There are numerous sources of traffic data in European member states. The ITS Directive requires each MS to provide a National access point for traffic data. However there is no centralized and harmonised way to deliver and access this information. This is left to the discretion of the European member states.
The beauty of big data itself is that it auto-regulates; it gives the opportunity to cross check a variety of streams of data acting as a mean of quality control on its own. through cross-correlations, it enables the identification of low quality sources which may still be considered but with a lower confidence or only for specific traffic events.
This is not only a matter of autonomous vehicles but of all vehicles equipped with connectivity technologies. The manufacturers are constantly developing new security measures to mitigate the risk of hacking however the idea that the threat only relates to autonomous vehicles is not accurate.
Positioning information is always considered as personal data. This is the case for traffic information delivered from vehicles on the road. GPS data needs to be an anonymised and consolidated early in the data chain in order to avoid any linkability of the data.
The amount of data available related to climate is huge. Climatologists need to know what the impact of climate change will be and how it will affect lives. People generally want to know this in terms of a location so BDE will allow climatologists to see the past, present and expected future variance in different factors on a map. The specific benefit of the technology therefore is that rather than searching for datasets, the platform will know which datasets to invoke to answer questions phrased in terms of location.

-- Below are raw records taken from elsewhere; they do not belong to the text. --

(* Let $n,k$ be integers with $n\geq k+1\geq 2$. Then $E_n(as_k)=\frac{4(n-k)+5}{6}$ holds if and only if $E_n(zs_k)=\frac{2(n-k)+4}{3}$ holds.
   Context: $\mathfrak{S}_n$ is the set of permutations $w=w_1\cdots w_n$ of $\{1,\dots,n\}$. A subsequence $w_{i_1}\cdots w_{i_s}$ ($i_1<\dots<i_s$) is alternating if $w_{i_1}>w_{i_2}<w_{i_3}>\cdots$, reverse alternating if $w_{i_1}<w_{i_2}>w_{i_3}<\cdots$, and zigzagging if it is alternating or reverse alternating. It is $k$-alternating (resp. $k$-zigzagging) if it is alternating (resp. zigzagging) and $|w_{i_j}-w_{i_{j+1}}|\geq k$ for all $j$. $as_k(w)$ (resp. $zs_k(w)$) is the maximal length of a $k$-alternating (resp. $k$-zigzagging) subsequence of $w$. $E_n(as_k)=\frac1{n!}\sum_{w\in\mathfrak{S}_n}as_k(w)$ and $E_n(zs_k)=\frac1{n!}\sum_{w\in\mathfrak{S}_n}zs_k(w)$. *)

theory Defs
  imports Complex_Main "HOL-Library.Sublist"
begin

definition perms :: "nat \<Rightarrow> nat list set" where
  "perms n = {w. distinct w \<and> set w = {1..n}}"

definition alternating :: "nat list \<Rightarrow> bool" where
  "alternating s \<longleftrightarrow> (\<forall>j. j + 1 < length s \<longrightarrow>
     (if even j then s ! j > s ! (j+1) else s ! j < s ! (j+1)))"

definition rev_alternating :: "nat list \<Rightarrow> bool" where
  "rev_alternating s \<longleftrightarrow> (\<forall>j. j + 1 < length s \<longrightarrow>
     (if even j then s ! j < s ! (j+1) else s ! j > s ! (j+1)))"

definition zigzagging :: "nat list \<Rightarrow> bool" where
  "zigzagging s \<longleftrightarrow> alternating s \<or> rev_alternating s"

definition gaps_ge :: "nat \<Rightarrow> nat list \<Rightarrow> bool" where
  "gaps_ge k s \<longleftrightarrow> (\<forall>j. j + 1 < length s \<longrightarrow> \<bar>int (s ! j) - int (s ! (j+1))\<bar> \<ge> int k)"

definition k_alternating :: "nat \<Rightarrow> nat list \<Rightarrow> bool" where
  "k_alternating k s \<longleftrightarrow> alternating s \<and> gaps_ge k s"

definition k_zigzagging :: "nat \<Rightarrow> nat list \<Rightarrow> bool" where
  "k_zigzagging k s \<longleftrightarrow> zigzagging s \<and> gaps_ge k s"

definition as_k :: "nat \<Rightarrow> nat list \<Rightarrow> nat" where
  "as_k k w = Max {length s | s. subseq s w \<and> k_alternating k s}"

definition zs_k :: "nat \<Rightarrow> nat list \<Rightarrow> nat" where
  "zs_k k w = Max {length s | s. subseq s w \<and> k_zigzagging k s}"

definition E_as :: "nat \<Rightarrow> nat \<Rightarrow> real" where
  "E_as n k = (\<Sum>w\<in>perms n. real (as_k k w)) / fact n"

definition E_zs :: "nat \<Rightarrow> nat \<Rightarrow> real" where
  "E_zs n k = (\<Sum>w\<in>perms n. real (zs_k k w)) / fact n"

end

theory Submission
  imports Defs "HOL-Combinatorics.Multiset_Permutations"
begin

text \<open>
  Unless all entries of a word w are pairwise closer than k, there is a first entry b that differs
  by at least k from an earlier entry a. If this first jump goes up, every k-alternating
  subsequence s_1 s_2 s_3 ... of w yields the longer reverse k-alternating subsequence
  a x s_2 s_3 ..., with x either s_1 or b. Since dropping the first entry switches between the
  two kinds, the longest reverse k-alternating subsequence is then exactly one longer than the
  longest k-alternating one; a downward first jump reduces to this case via the complement
  x \<mapsto> c - x, which exchanges the two kinds. Hence on permutations of {1..n} with n > k,
  zs_k is the mean of the two longest lengths plus 1/2, and since the complement
  x \<mapsto> n + 1 - x permutes these permutations, E_n(zs_k) = E_n(as_k) + 1/2.
\<close>

definition longest_subseq :: "('a list \<Rightarrow> bool) \<Rightarrow> 'a list \<Rightarrow> nat" where
  "longest_subseq P w = Max {length s | s. subseq s w \<and> P s}"

lemma finite_subseq_lengths: "finite {length s | s. subseq s w \<and> P s}"
  by (rule finite_subset[of _ "{..length w}"]) (auto dest: list_emb_length)

lemma longest_subseq_ge: "subseq s w \<Longrightarrow> P s \<Longrightarrow> length s \<le> longest_subseq P w"
  unfolding longest_subseq_def by (rule Max_ge[OF finite_subseq_lengths]) blast

lemma longest_subseq_witness:
  assumes "P []"
  obtains s where "subseq s w" "P s" "length s = longest_subseq P w"
proof -
  have "length [] \<in> {length s | s. subseq s w \<and> P s}"
    using assms by auto
  then have "{length s | s. subseq s w \<and> P s} \<noteq> {}"
    by blast
  then obtain s where "Max {length s | s. subseq s w \<and> P s} = length s" "subseq s w" "P s"
    using Max_in[OF finite_subseq_lengths] by blast
  then show ?thesis
    using that unfolding longest_subseq_def by simp
qed

lemma longest_subseq_cong:
  assumes "\<And>s. subseq s w \<Longrightarrow> P s \<longleftrightarrow> Q s"
  shows "longest_subseq P w = longest_subseq Q w"
proof -
  have "{length s | s. subseq s w \<and> P s} = {length s | s. subseq s w \<and> Q s}"
    using assms by blast
  then show ?thesis
    unfolding longest_subseq_def by simp
qed

lemma longest_subseq_disj:
  assumes "P []" "Q []"
  shows "longest_subseq (\<lambda>s. P s \<or> Q s) w = max (longest_subseq P w) (longest_subseq Q w)"
proof -
  have union: "{length s | s. subseq s w \<and> (P s \<or> Q s)} =
        {length s | s. subseq s w \<and> P s} \<union> {length s | s. subseq s w \<and> Q s}"
    by blast
  have "length [] \<in> {length s | s. subseq s w \<and> P s}" "length [] \<in> {length s | s. subseq s w \<and> Q s}"
    using assms by auto
  then have "{length s | s. subseq s w \<and> P s} \<noteq> {}" "{length s | s. subseq s w \<and> Q s} \<noteq> {}"
    by blast+
  then show ?thesis
    unfolding longest_subseq_def union by (simp add: Max_Un finite_subseq_lengths)
qed

lemma longest_subseq_tl_le:
  assumes "P []" "\<And>a s. P (a # s) \<Longrightarrow> Q s"
  shows "longest_subseq P w \<le> longest_subseq Q w + 1"
proof -
  obtain s where s: "subseq s w" "P s" "length s = longest_subseq P w"
    using longest_subseq_witness[where P = P, OF assms(1)] .
  have "subseq (tl s) w"
    using s(1) by (cases s) (auto dest: subseq_Cons')
  moreover have "Q (tl s)" if "s \<noteq> []"
    using that s(2) assms(2) by (cases s) auto
  ultimately show ?thesis
    using s longest_subseq_ge[of "tl s" w Q] by (cases s) auto
qed

lemma longest_subseq_map_involution:
  assumes "\<forall>x\<in>set w. f (f x) = x"
  shows "longest_subseq P (map f w) = longest_subseq (\<lambda>s. P (map f s)) w"
proof -
  have "{length t | t. subseq t (map f w) \<and> P t} = {length s | s. subseq s w \<and> P (map f s)}"
  proof safe
    fix t assume t: "subseq t (map f w)" "P t"
    have "map f (map f w) = w"
      using assms by (simp add: map_idI)
    then have "subseq (map f t) w"
      using subseq_map[OF t(1), of f] by simp
    moreover have "f (f x) = x" if x: "x \<in> set t" for x
    proof -
      obtain y where "y \<in> set w" "x = f y"
        using list_emb_set[OF t(1) x] by auto
      then show ?thesis
        using assms by simp
    qed
    then have "map f (map f t) = t"
      by (simp add: map_idI)
    ultimately show "\<exists>s. length t = length s \<and> subseq s w \<and> P (map f s)"
      using t(2) by (intro exI[of _ "map f t"]) simp
  next
    fix s assume "subseq s w" "P (map f s)"
    then show "\<exists>t. length s = length t \<and> subseq t (map f w) \<and> P t"
      by (intro exI[of _ "map f s"]) (simp add: subseq_map)
  qed
  then show ?thesis
    unfolding longest_subseq_def by simp
qed

lemma all_adjacent_Cons:
  "(\<forall>j. j + 1 < length (a # s) \<longrightarrow> Q j) \<longleftrightarrow> (s \<noteq> [] \<longrightarrow> Q 0) \<and> (\<forall>j. j + 1 < length s \<longrightarrow> Q (Suc j))"
  by (cases s) (auto simp: All_less_Suc2)

lemma alternating_Cons_Cons [simp]:
  "alternating (a # b # s) \<longleftrightarrow> b < a \<and> rev_alternating (b # s)"
  unfolding alternating_def rev_alternating_def all_adjacent_Cons[of a] by auto

lemma rev_alternating_Cons_Cons [simp]:
  "rev_alternating (a # b # s) \<longleftrightarrow> a < b \<and> alternating (b # s)"
  unfolding alternating_def rev_alternating_def all_adjacent_Cons[of a] by auto

lemma gaps_ge_Cons_Cons [simp]:
  "gaps_ge k (a # b # s) \<longleftrightarrow> int k \<le> \<bar>int a - int b\<bar> \<and> gaps_ge k (b # s)"
  unfolding gaps_ge_def all_adjacent_Cons[of a] by auto

lemma alternating_length_le_1 [simp]:
  "alternating []" "alternating [a]" "rev_alternating []" "rev_alternating [a]"
  "gaps_ge k []" "gaps_ge k [a]"
  by (simp_all add: alternating_def rev_alternating_def gaps_ge_def)

definition k_rev_alternating :: "nat \<Rightarrow> nat list \<Rightarrow> bool" where
  "k_rev_alternating k s \<longleftrightarrow> rev_alternating s \<and> gaps_ge k s"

There are many aspects of social sciences that can benefit directly from big data technologies. Very often the task is to associate statistics with geographical regions, implying the use of two disparate technologies. Within BDE, the focus is on public sector spending data. Government budget data can be very large and is usually far too technical in nature for a non-specialist. Collaborating with the Your Data Stories project and accessing data from municipalities across Europe, BDE will use big data technologies to reconcile heterogeneous datasets and make it easier to ask questions and make comparisons.
The security focus within BDE is on combining satellite data with news and social media. The volume of data being delivered from satellites is enormous, with every part of the Earth now being analysed by multiple space-borne instruments every day. It is possible to link this data to news and social media but it tends to be a labour intensive and therefore very expensive process. BDE promises to make it easier.
The code for the project is available in our GitHub repository.
We intend to have a low barrier of entry. A simplified version of the platform could be installed using a Vagrant setup. Developing Big Data components will be made easier by the provision of a base Docker image published on the Big Data Europe GitHub repository. These base images and their documentation are continuously evolving.